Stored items

+-------+

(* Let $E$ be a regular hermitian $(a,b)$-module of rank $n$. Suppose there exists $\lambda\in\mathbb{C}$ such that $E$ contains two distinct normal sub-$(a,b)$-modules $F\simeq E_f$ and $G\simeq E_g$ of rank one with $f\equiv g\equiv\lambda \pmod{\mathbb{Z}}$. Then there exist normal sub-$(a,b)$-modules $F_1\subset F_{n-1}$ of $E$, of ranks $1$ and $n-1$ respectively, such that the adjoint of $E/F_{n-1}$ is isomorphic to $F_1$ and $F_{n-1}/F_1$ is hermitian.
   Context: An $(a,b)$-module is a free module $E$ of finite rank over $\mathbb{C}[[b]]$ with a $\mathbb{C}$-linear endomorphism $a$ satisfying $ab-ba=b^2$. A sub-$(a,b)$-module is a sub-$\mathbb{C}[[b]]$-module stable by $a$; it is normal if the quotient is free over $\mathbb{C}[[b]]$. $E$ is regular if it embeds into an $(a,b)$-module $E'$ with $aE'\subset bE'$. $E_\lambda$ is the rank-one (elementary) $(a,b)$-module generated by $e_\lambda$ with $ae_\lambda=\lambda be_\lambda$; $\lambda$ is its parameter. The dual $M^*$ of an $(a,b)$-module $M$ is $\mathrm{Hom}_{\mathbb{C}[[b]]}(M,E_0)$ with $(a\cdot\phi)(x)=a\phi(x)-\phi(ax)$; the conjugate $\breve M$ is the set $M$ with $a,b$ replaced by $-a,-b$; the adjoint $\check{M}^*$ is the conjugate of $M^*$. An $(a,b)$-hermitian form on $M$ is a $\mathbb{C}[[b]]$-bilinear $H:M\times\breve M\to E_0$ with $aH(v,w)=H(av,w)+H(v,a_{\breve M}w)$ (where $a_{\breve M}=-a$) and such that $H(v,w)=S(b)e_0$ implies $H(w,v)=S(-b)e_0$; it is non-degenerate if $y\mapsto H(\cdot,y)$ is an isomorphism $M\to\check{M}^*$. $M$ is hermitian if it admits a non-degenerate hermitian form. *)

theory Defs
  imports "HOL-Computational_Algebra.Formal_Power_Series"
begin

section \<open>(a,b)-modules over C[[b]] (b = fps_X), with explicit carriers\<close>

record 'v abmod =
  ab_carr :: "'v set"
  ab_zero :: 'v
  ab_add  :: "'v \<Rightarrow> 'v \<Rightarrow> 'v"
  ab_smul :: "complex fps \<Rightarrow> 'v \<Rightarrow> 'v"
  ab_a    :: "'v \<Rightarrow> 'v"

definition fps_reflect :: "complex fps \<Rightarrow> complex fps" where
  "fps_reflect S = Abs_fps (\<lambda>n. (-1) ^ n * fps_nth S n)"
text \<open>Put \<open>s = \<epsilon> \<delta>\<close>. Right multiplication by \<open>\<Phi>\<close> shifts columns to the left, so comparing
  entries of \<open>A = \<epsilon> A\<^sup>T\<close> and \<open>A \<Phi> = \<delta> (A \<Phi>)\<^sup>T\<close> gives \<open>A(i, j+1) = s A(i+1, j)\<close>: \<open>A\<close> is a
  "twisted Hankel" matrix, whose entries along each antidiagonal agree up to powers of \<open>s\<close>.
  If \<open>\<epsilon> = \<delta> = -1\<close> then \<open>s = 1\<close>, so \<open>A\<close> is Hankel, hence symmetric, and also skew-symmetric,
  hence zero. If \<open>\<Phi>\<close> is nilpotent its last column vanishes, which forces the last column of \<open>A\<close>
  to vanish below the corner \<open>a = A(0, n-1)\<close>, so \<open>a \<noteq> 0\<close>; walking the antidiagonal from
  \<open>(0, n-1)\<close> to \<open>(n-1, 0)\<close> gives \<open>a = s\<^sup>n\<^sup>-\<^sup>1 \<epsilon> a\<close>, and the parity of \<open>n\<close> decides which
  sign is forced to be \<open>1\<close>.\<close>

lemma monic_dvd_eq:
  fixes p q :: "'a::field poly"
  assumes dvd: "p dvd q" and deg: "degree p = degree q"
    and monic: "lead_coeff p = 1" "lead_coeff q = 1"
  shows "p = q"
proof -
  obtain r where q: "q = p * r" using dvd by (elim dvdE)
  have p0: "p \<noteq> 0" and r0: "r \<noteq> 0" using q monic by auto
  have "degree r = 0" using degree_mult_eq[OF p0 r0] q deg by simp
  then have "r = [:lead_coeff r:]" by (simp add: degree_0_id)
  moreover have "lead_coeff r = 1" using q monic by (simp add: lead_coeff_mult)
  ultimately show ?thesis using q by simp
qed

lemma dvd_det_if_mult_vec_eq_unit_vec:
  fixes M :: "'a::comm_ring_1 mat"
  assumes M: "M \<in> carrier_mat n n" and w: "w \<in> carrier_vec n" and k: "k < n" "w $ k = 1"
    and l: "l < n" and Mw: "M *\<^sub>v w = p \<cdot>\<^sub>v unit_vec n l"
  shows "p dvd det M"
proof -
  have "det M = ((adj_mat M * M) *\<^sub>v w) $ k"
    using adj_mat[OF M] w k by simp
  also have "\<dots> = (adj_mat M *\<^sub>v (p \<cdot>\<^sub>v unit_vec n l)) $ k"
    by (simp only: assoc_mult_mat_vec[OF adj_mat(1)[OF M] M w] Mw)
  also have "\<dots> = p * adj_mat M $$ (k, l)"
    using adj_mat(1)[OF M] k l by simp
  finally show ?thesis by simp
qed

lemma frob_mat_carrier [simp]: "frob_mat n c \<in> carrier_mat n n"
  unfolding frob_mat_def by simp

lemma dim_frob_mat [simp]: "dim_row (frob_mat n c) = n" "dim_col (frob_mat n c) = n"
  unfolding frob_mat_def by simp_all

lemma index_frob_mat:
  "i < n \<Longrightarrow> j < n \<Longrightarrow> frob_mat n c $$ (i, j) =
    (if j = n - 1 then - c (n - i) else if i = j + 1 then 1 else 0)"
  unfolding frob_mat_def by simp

+-------+

Brief:
All of the records go in your answer, copied exactly.

Solution for this problem:
(* Let $E$ be a regular hermitian $(a,b)$-module of rank $n$. Suppose there exists $\lambda\in\mathbb{C}$ such that $E$ contains two distinct normal sub-$(a,b)$-modules $F\simeq E_f$ and $G\simeq E_g$ of rank one with $f\equiv g\equiv\lambda \pmod{\mathbb{Z}}$. Then there exist normal sub-$(a,b)$-modules $F_1\subset F_{n-1}$ of $E$, of ranks $1$ and $n-1$ respectively, such that the adjoint of $E/F_{n-1}$ is isomorphic to $F_1$ and $F_{n-1}/F_1$ is hermitian.
   Context: An $(a,b)$-module is a free module $E$ of finite rank over $\mathbb{C}[[b]]$ with a $\mathbb{C}$-linear endomorphism $a$ satisfying $ab-ba=b^2$. A sub-$(a,b)$-module is a sub-$\mathbb{C}[[b]]$-module stable by $a$; it is normal if the quotient is free over $\mathbb{C}[[b]]$. $E$ is regular if it embeds into an $(a,b)$-module $E'$ with $aE'\subset bE'$. $E_\lambda$ is the rank-one (elementary) $(a,b)$-module generated by $e_\lambda$ with $ae_\lambda=\lambda be_\lambda$; $\lambda$ is its parameter. The dual $M^*$ of an $(a,b)$-module $M$ is $\mathrm{Hom}_{\mathbb{C}[[b]]}(M,E_0)$ with $(a\cdot\phi)(x)=a\phi(x)-\phi(ax)$; the conjugate $\breve M$ is the set $M$ with $a,b$ replaced by $-a,-b$; the adjoint $\check{M}^*$ is the conjugate of $M^*$. An $(a,b)$-hermitian form on $M$ is a $\mathbb{C}[[b]]$-bilinear $H:M\times\breve M\to E_0$ with $aH(v,w)=H(av,w)+H(v,a_{\breve M}w)$ (where $a_{\breve M}=-a$) and such that $H(v,w)=S(b)e_0$ implies $H(w,v)=S(-b)e_0$; it is non-degenerate if $y\mapsto H(\cdot,y)$ is an isomorphism $M\to\check{M}^*$. $M$ is hermitian if it admits a non-degenerate hermitian form. *)

theory Defs
  imports "HOL-Computational_Algebra.Formal_Power_Series"
begin

section \<open>(a,b)-modules over C[[b]] (b = fps_X), with explicit carriers\<close>

record 'v abmod =
  ab_carr :: "'v set"
  ab_zero :: 'v
  ab_add  :: "'v \<Rightarrow> 'v \<Rightarrow> 'v"
  ab_smul :: "complex fps \<Rightarrow> 'v \<Rightarrow> 'v"
  ab_a    :: "'v \<Rightarrow> 'v"

definition fps_reflect :: "complex fps \<Rightarrow> complex fps" where
  "fps_reflect S = Abs_fps (\<lambda>n. (-1) ^ n * fps_nth S n)"
text \<open>Put \<open>s = \<epsilon> \<delta>\<close>. Right multiplication by \<open>\<Phi>\<close> shifts columns to the left, so comparing
  entries of \<open>A = \<epsilon> A\<^sup>T\<close> and \<open>A \<Phi> = \<delta> (A \<Phi>)\<^sup>T\<close> gives \<open>A(i, j+1) = s A(i+1, j)\<close>: \<open>A\<close> is a
  "twisted Hankel" matrix, whose entries along each antidiagonal agree up to powers of \<open>s\<close>.
  If \<open>\<epsilon> = \<delta> = -1\<close> then \<open>s = 1\<close>, so \<open>A\<close> is Hankel, hence symmetric, and also skew-symmetric,
  hence zero. If \<open>\<Phi>\<close> is nilpotent its last column vanishes, which forces the last column of \<open>A\<close>
  to vanish below the corner \<open>a = A(0, n-1)\<close>, so \<open>a \<noteq> 0\<close>; walking the antidiagonal from
  \<open>(0, n-1)\<close> to \<open>(n-1, 0)\<close> gives \<open>a = s\<^sup>n\<^sup>-\<^sup>1 \<epsilon> a\<close>, and the parity of \<open>n\<close> decides which
  sign is forced to be \<open>1\<close>.\<close>

lemma monic_dvd_eq:
  fixes p q :: "'a::field poly"
  assumes dvd: "p dvd q" and deg: "degree p = degree q"
    and monic: "lead_coeff p = 1" "lead_coeff q = 1"
  shows "p = q"
proof -
  obtain r where q: "q = p * r" using dvd by (elim dvdE)
  have p0: "p \<noteq> 0" and r0: "r \<noteq> 0" using q monic by auto
  have "degree r = 0" using degree_mult_eq[OF p0 r0] q deg by simp
  then have "r = [:lead_coeff r:]" by (simp add: degree_0_id)
  moreover have "lead_coeff r = 1" using q monic by (simp add: lead_coeff_mult)
  ultimately show ?thesis using q by simp
qed

lemma dvd_det_if_mult_vec_eq_unit_vec:
  fixes M :: "'a::comm_ring_1 mat"
  assumes M: "M \<in> carrier_mat n n" and w: "w \<in> carrier_vec n" and k: "k < n" "w $ k = 1"
    and l: "l < n" and Mw: "M *\<^sub>v w = p \<cdot>\<^sub>v unit_vec n l"
  shows "p dvd det M"
proof -
  have "det M = ((adj_mat M * M) *\<^sub>v w) $ k"
    using adj_mat[OF M] w k by simp
  also have "\<dots> = (adj_mat M *\<^sub>v (p \<cdot>\<^sub>v unit_vec n l)) $ k"
    by (simp only: assoc_mult_mat_vec[OF adj_mat(1)[OF M] M w] Mw)
  also have "\<dots> = p * adj_mat M $$ (k, l)"
    using adj_mat(1)[OF M] k l by simp
  finally show ?thesis by simp
qed

lemma frob_mat_carrier [simp]: "frob_mat n c \<in> carrier_mat n n"
  unfolding frob_mat_def by simp

lemma dim_frob_mat [simp]: "dim_row (frob_mat n c) = n" "dim_col (frob_mat n c) = n"
  unfolding frob_mat_def by simp_all

lemma index_frob_mat:
  "i < n \<Longrightarrow> j < n \<Longrightarrow> frob_mat n c $$ (i, j) =
    (if j = n - 1 then - c (n - i) else if i = j + 1 then 1 else 0)"
  unfolding frob_mat_def by simp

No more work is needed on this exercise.